## TASK INSTRUCTIONS:
Would you reproduce exactly the lines below from the one holding "B \<Longrightarrow> dual_code" through the one holding "using linear_code_dual_code unfolding", inclusive, and no others?
........
(* Let $A_X,A_Z,B_X,B_Z\subseteq\mathbb{F}_q^n$ be linear codes with $A_X^\perp\subseteq A_Z$ and $B_X^\perp\subseteq B_Z$ (so that $\mathrm{CSS}(A_X,A_Z)$ and $\mathrm{CSS}(B_X,B_Z)$ are CSS codes). Define \[ C_X=(A_X\cap B_X)+B_Z^\perp,\qquad C_Z=(A_Z\cap B_Z)+B_X^\perp . \] Then \[ C_X^\perp=(A_X^\perp\cap B_Z)+B_X^\perp,\qquad C_Z^\perp=(A_Z^\perp\cap B_X)+B_Z^\perp, \] and $C_X^\perp\subseteq C_Z$, so that $\mathrm{CSS}(C_X,C_Z)$ is a well-defined CSS code.
   Context: $q$ is a prime power. For $C\subseteq\mathbb{F}_q^n$ linear, $C^\perp=\{y\in\mathbb{F}_q^n: \sum_i y_ic_i=0\ \forall c\in C\}$. For linear codes $C_X,C_Z$ with $C_X^\perp\subseteq C_Z$, $\mathrm{CSS}(C_X,C_Z)=\mathrm{span}\{\sum_{y\in C_X^\perp}|x+y\rangle: x\in C_Z\}\subseteq(\mathbb{C}^q)^{\otimes n}$. *)

theory Defs
  imports "HOL-Analysis.Analysis"
begin

text \<open>Vectors in F_q^n are modelled as 'a^'n, where 'a is a finite field (so its
cardinality q is a prime power) and 'n is a finite index type with CARD('n) = n.\<close>

definition linear_code :: "('a::field ^ 'n) set \<Rightarrow> bool" where
  "linear_code C \<longleftrightarrow> 0 \<in> C \<and> (\<forall>x\<in>C. \<forall>y\<in>C. x + y \<in> C) \<and> (\<forall>c. \<forall>x\<in>C. c *s x \<in> C)"

definition dual_code :: "('a::field ^ 'n::finite) set \<Rightarrow> ('a ^ 'n) set" where
  "dual_code C = {y. \<forall>c\<in>C. (\<Sum>i\<in>UNIV. y $ i * c $ i) = 0}"

definition code_sum :: "('a::field ^ 'n) set \<Rightarrow> ('a ^ 'n) set \<Rightarrow> ('a ^ 'n) set" where
  "code_sum A B = {a + b | a b. a \<in> A \<and> b \<in> B}"

end

theory Submission
  imports Defs
begin

text \<open>Duality turns sums of codes into intersections and, because a linear code over a
finite-dimensional space is its own double dual, intersections into sums. Hence
\<open>C\<^sub>X\<^sup>\<bottom> = (A\<^sub>X\<^sup>\<bottom> + B\<^sub>X\<^sup>\<bottom>) \<inter> B\<^sub>Z\<close>, and since \<open>B\<^sub>X\<^sup>\<bottom> \<subseteq> B\<^sub>Z\<close> the modular law moves the
intersection onto the first summand; symmetrically for \<open>C\<^sub>Z\<close>. The inclusion
\<open>C\<^sub>X\<^sup>\<bottom> \<subseteq> C\<^sub>Z\<close> is then immediate from \<open>A\<^sub>X\<^sup>\<bottom> \<subseteq> A\<^sub>Z\<close>.\<close>

context vector_space
begin

lemma exists_linear_functional_vanishing_on_subspace:
  assumes "subspace S" "y \<notin> S"
  obtains f where "Vector_Spaces.linear scale (*) f" "\<And>x. x \<in> S \<Longrightarrow> f x = 0" "f y = 1"
proof -
  interpret functionals: vector_space_pair scale "(*) :: 'a \<Rightarrow> 'a \<Rightarrow> 'a" ..
  obtain B where B: "B \<subseteq> S" "independent B" "S \<subseteq> span B"
    using maximal_independent_subset by blast
  have "span B = S"
    using B assms(1) span_minimal by blast
  then have "y \<notin> span B" using assms(2) by simp
  then have indep: "independent (insert y B)" using B(2) by (rule independent_insertI)
  define f where "f = functionals.construct (insert y B) (\<lambda>b. if b = y then 1 else 0)"
  have lin: "Vector_Spaces.linear scale (*) f"
    unfolding f_def using indep by (rule functionals.linear_construct)
  have "f b = 0" if "b \<in> B" for b
    using that \<open>y \<notin> span B\<close> span_base indep
    by (auto simp: f_def functionals.construct_basis)
  then have "f x = 0" if "x \<in> S" for x
    using functionals.linear_eq_0_on_span[OF lin] that \<open>span B = S\<close> by blast
  moreover have "f y = 1"
    unfolding f_def using indep by (simp add: functionals.construct_basis)
  ultimately show thesis using lin that by blast
qed

end

lemma linear_functional_eq_sum:
  fixes f :: "'a::field ^ 'n::finite \<Rightarrow> 'a"
  assumes "Vector_Spaces.linear (*s) (*) f"
  shows "f x = (\<Sum>i\<in>UNIV. f (axis i 1) * x $ i)"
proof -
  interpret f: Vector_Spaces.linear "(*s)" "(*) :: 'a \<Rightarrow> 'a \<Rightarrow> 'a" f by (rule assms)
  have "f x = f (\<Sum>i\<in>UNIV. x $ i *s axis i 1)" by (simp add: basis_expansion)
  also have "\<dots> = (\<Sum>i\<in>UNIV. f (axis i 1) * x $ i)" by (simp add: f.sum f.scale mult.commute)
  finally show ?thesis .
qed

lemma linear_code_iff_subspace: "linear_code C \<longleftrightarrow> vec.subspace C"
  unfolding linear_code_def vec.subspace_def by blast

lemma linear_code_dual_code: "linear_code (dual_code C)"
  unfolding linear_code_def dual_code_def
  by (auto simp: algebra_simps sum.distrib sum_distrib_left[symmetric] mult.assoc)

lemma linear_code_code_sum:
  "linear_code A \<Longrightarrow> linear_code B \<Longrightarrow> linear_code (code_sum A B)"
  unfolding linear_code_iff_subspace code_sum_def by (rule vec.subspace_sums)

lemma code_sum_mono: "A \<subseteq> A' \<Longrightarrow> B \<subseteq> B' \<Longrightarrow> code_sum A B \<subseteq> code_sum A' B'"
  unfolding code_sum_def by blast

lemma dual_code_antimono: "A \<subseteq> B \<Longrightarrow> dual_code B \<subseteq> dual_code A"
  unfolding dual_code_def by blast

lemma subset_dual_code_dual_code: "C \<subseteq> dual_code (dual_code C)"
  unfolding dual_code_def by (auto simp: mult.commute)

lemma dual_code_dual_code:
  fixes C :: "('a::field ^ 'n::finite) set"
  assumes "linear_code C"
  shows "dual_code (dual_code C) = C"
proof
  show "dual_code (dual_code C) \<subseteq> C"
  proof (rule subsetI, rule ccontr)
    fix y assume y: "y \<in> dual_code (dual_code C)" and "y \<notin> C"
    then obtain f where lin: "Vector_Spaces.linear (*s) (*) f"
      and f_C: "\<And>x. x \<in> C \<Longrightarrow> f x = 0" and "f y = 1"
      using assms vec.exists_linear_functional_vanishing_on_subspace
      unfolding linear_code_iff_subspace by metis
    define z where "z = (\<chi> i. f (axis i 1))"
    have f_eq: "f x = (\<Sum>i\<in>UNIV. z $ i * x $ i)" for x
      unfolding z_def using lin by (simp add: linear_functional_eq_sum)
    have "z \<in> dual_code C"
      unfolding dual_code_def using f_C f_eq by auto
    then have "(\<Sum>i\<in>UNIV. y $ i * z $ i) = 0"
      using y unfolding dual_code_def by blast
    then have "f y = 0"
      by (simp add: f_eq mult.commute)
    with \<open>f y = 1\<close> show False by simp
  qed
qed (rule subset_dual_code_dual_code)

lemma dual_code_code_sum:
  assumes "0 \<in> A" "0 \<in> B"
  shows "dual_code (code_sum A B) = dual_code A \<inter> dual_code B"
proof
  have "A \<subseteq> code_sum A B" "B \<subseteq> code_sum A B"
    unfolding code_sum_def using assms by force+
  then show "dual_code (code_sum A B) \<subseteq> dual_code A \<inter> dual_code B"
    using dual_code_antimono by blast
  show "dual_code A \<inter> dual_code B \<subseteq> dual_code (code_sum A B)"
    unfolding dual_code_def code_sum_def by (auto simp: distrib_left sum.distrib)
qed

lemma dual_code_Int:
  fixes A B :: "('a::field ^ 'n::finite) set"
  assumes "linear_code A" "linear_code B"
  shows "dual_code (A \<inter> B) = code_sum (dual_code A) (dual_code B)"
proof -
  have "0 \<in> dual_code A" "0 \<in> dual_code B"
    using linear_code_dual_code unfolding linear_code_def by blast+
  then have "A \<inter> B = dual_code (code_sum (dual_code A) (dual_code B))"
    by (simp add: dual_code_code_sum dual_code_dual_code assms)
  then show ?thesis
    by (simp add: dual_code_dual_code linear_code_code_sum linear_code_dual_code)
qed

lemma code_sum_Int_modular:
  assumes "linear_code Z" "Q \<subseteq> Z"
  shows "code_sum P Q \<inter> Z = code_sum (P \<inter> Z) Q"
proof -
  have "p \<in> Z \<longleftrightarrow> p + q \<in> Z" if "q \<in> Q" for p q
    using assms that vec.subspace_add vec.subspace_diff[of Z "p + q" q]
    unfolding linear_code_iff_subspace by auto
  then show ?thesis unfolding code_sum_def by blast
qed

lemma dual_code_code_sum_Int_dual_code:
  fixes A B D :: "('a::field ^ 'n::finite) set"
  assumes "linear_code A" "linear_code B" "linear_code D" "dual_code B \<subseteq> D"
  shows "dual_code (code_sum (A \<inter> B) (dual_code D)) = code_sum (dual_code A \<inter> D) (dual_code B)"
proof -
  have "0 \<in> A \<inter> B" "0 \<in> dual_code D"
    using assms(1,2) linear_code_dual_code unfolding linear_code_def by auto
  then have "dual_code (code_sum (A \<inter> B) (dual_code D)) = dual_code (A \<inter> B) \<inter> D"
    by (simp add: dual_code_code_sum dual_code_dual_code assms(3))
  also have "\<dots> = code_sum (dual_code A) (dual_code B) \<inter> D"
    by (simp add: dual_code_Int assms(1,2))
  also have "\<dots> = code_sum (dual_code A \<inter> D) (dual_code B)"
    using assms(3,4) by (rule code_sum_Int_modular)
  finally show ?thesis .
qed

theorem lemma5p4:
  fixes AX AZ BX BZ :: "('a::{field,finite} ^ 'n::finite) set"
  assumes "linear_code AX" "linear_code AZ" "linear_code BX" "linear_code BZ"
    and "dual_code AX \<subseteq> AZ" and "dual_code BX \<subseteq> BZ"
  defines "CX \<equiv> code_sum (AX \<inter> BX) (dual_code BZ)"
    and "CZ \<equiv> code_sum (AZ \<inter> BZ) (dual_code BX)"
  shows "dual_code CX = code_sum (dual_code AX \<inter> BZ) (dual_code BX)
         \<and> dual_code CZ = code_sum (dual_code AZ \<inter> BX) (dual_code BZ)
         \<and> dual_code CX \<subseteq> CZ"
proof (intro conjI)
  show CX_dual: "dual_code CX = code_sum (dual_code AX \<inter> BZ) (dual_code BX)"
    unfolding CX_def using assms(1,3,4,6) by (rule dual_code_code_sum_Int_dual_code)
  have "dual_code BZ \<subseteq> BX"
    using dual_code_antimono[OF assms(6)] dual_code_dual_code[OF assms(3)] by simp
  with assms(2,4,3) show "dual_code CZ = code_sum (dual_code AZ \<inter> BX) (dual_code BZ)"
    unfolding CZ_def by (rule dual_code_code_sum_Int_dual_code)
  show "dual_code CX \<subseteq> CZ"
    unfolding CX_dual CZ_def using assms(5) by (intro code_sum_mono) auto
qed

end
........
## SOLUTION FOR THIS TASK:
lemma dual_code_antimono: "A \<subseteq> B \<Longrightarrow> dual_code B \<subseteq> dual_code A"
  unfolding dual_code_def by blast

lemma subset_dual_code_dual_code: "C \<subseteq> dual_code (dual_code C)"
  unfolding dual_code_def by (auto simp: mult.commute)

lemma dual_code_dual_code:
  fixes C :: "('a::field ^ 'n::finite) set"
  assumes "linear_code C"
  shows "dual_code (dual_code C) = C"
proof
  show "dual_code (dual_code C) \<subseteq> C"
  proof (rule subsetI, rule ccontr)
    fix y assume y: "y \<in> dual_code (dual_code C)" and "y \<notin> C"
    then obtain f where lin: "Vector_Spaces.linear (*s) (*) f"
      and f_C: "\<And>x. x \<in> C \<Longrightarrow> f x = 0" and "f y = 1"
      using assms vec.exists_linear_functional_vanishing_on_subspace
      unfolding linear_code_iff_subspace by metis
    define z where "z = (\<chi> i. f (axis i 1))"
    have f_eq: "f x = (\<Sum>i\<in>UNIV. z $ i * x $ i)" for x
      unfolding z_def using lin by (simp add: linear_functional_eq_sum)
    have "z \<in> dual_code C"
      unfolding dual_code_def using f_C f_eq by auto
    then have "(\<Sum>i\<in>UNIV. y $ i * z $ i) = 0"
      using y unfolding dual_code_def by blast
    then have "f y = 0"
      by (simp add: f_eq mult.commute)
    with \<open>f y = 1\<close> show False by simp
  qed
qed (rule subset_dual_code_dual_code)

lemma dual_code_code_sum:
  assumes "0 \<in> A" "0 \<in> B"
  shows "dual_code (code_sum A B) = dual_code A \<inter> dual_code B"
proof
  have "A \<subseteq> code_sum A B" "B \<subseteq> code_sum A B"
    unfolding code_sum_def using assms by force+
  then show "dual_code (code_sum A B) \<subseteq> dual_code A \<inter> dual_code B"
    using dual_code_antimono by blast
  show "dual_code A \<inter> dual_code B \<subseteq> dual_code (code_sum A B)"
    unfolding dual_code_def code_sum_def by (auto simp: distrib_left sum.distrib)
qed

lemma dual_code_Int:
  fixes A B :: "('a::field ^ 'n::finite) set"
  assumes "linear_code A" "linear_code B"
  shows "dual_code (A \<inter> B) = code_sum (dual_code A) (dual_code B)"
proof -
  have "0 \<in> dual_code A" "0 \<in> dual_code B"
    using linear_code_dual_code unfolding linear_code_def by blast+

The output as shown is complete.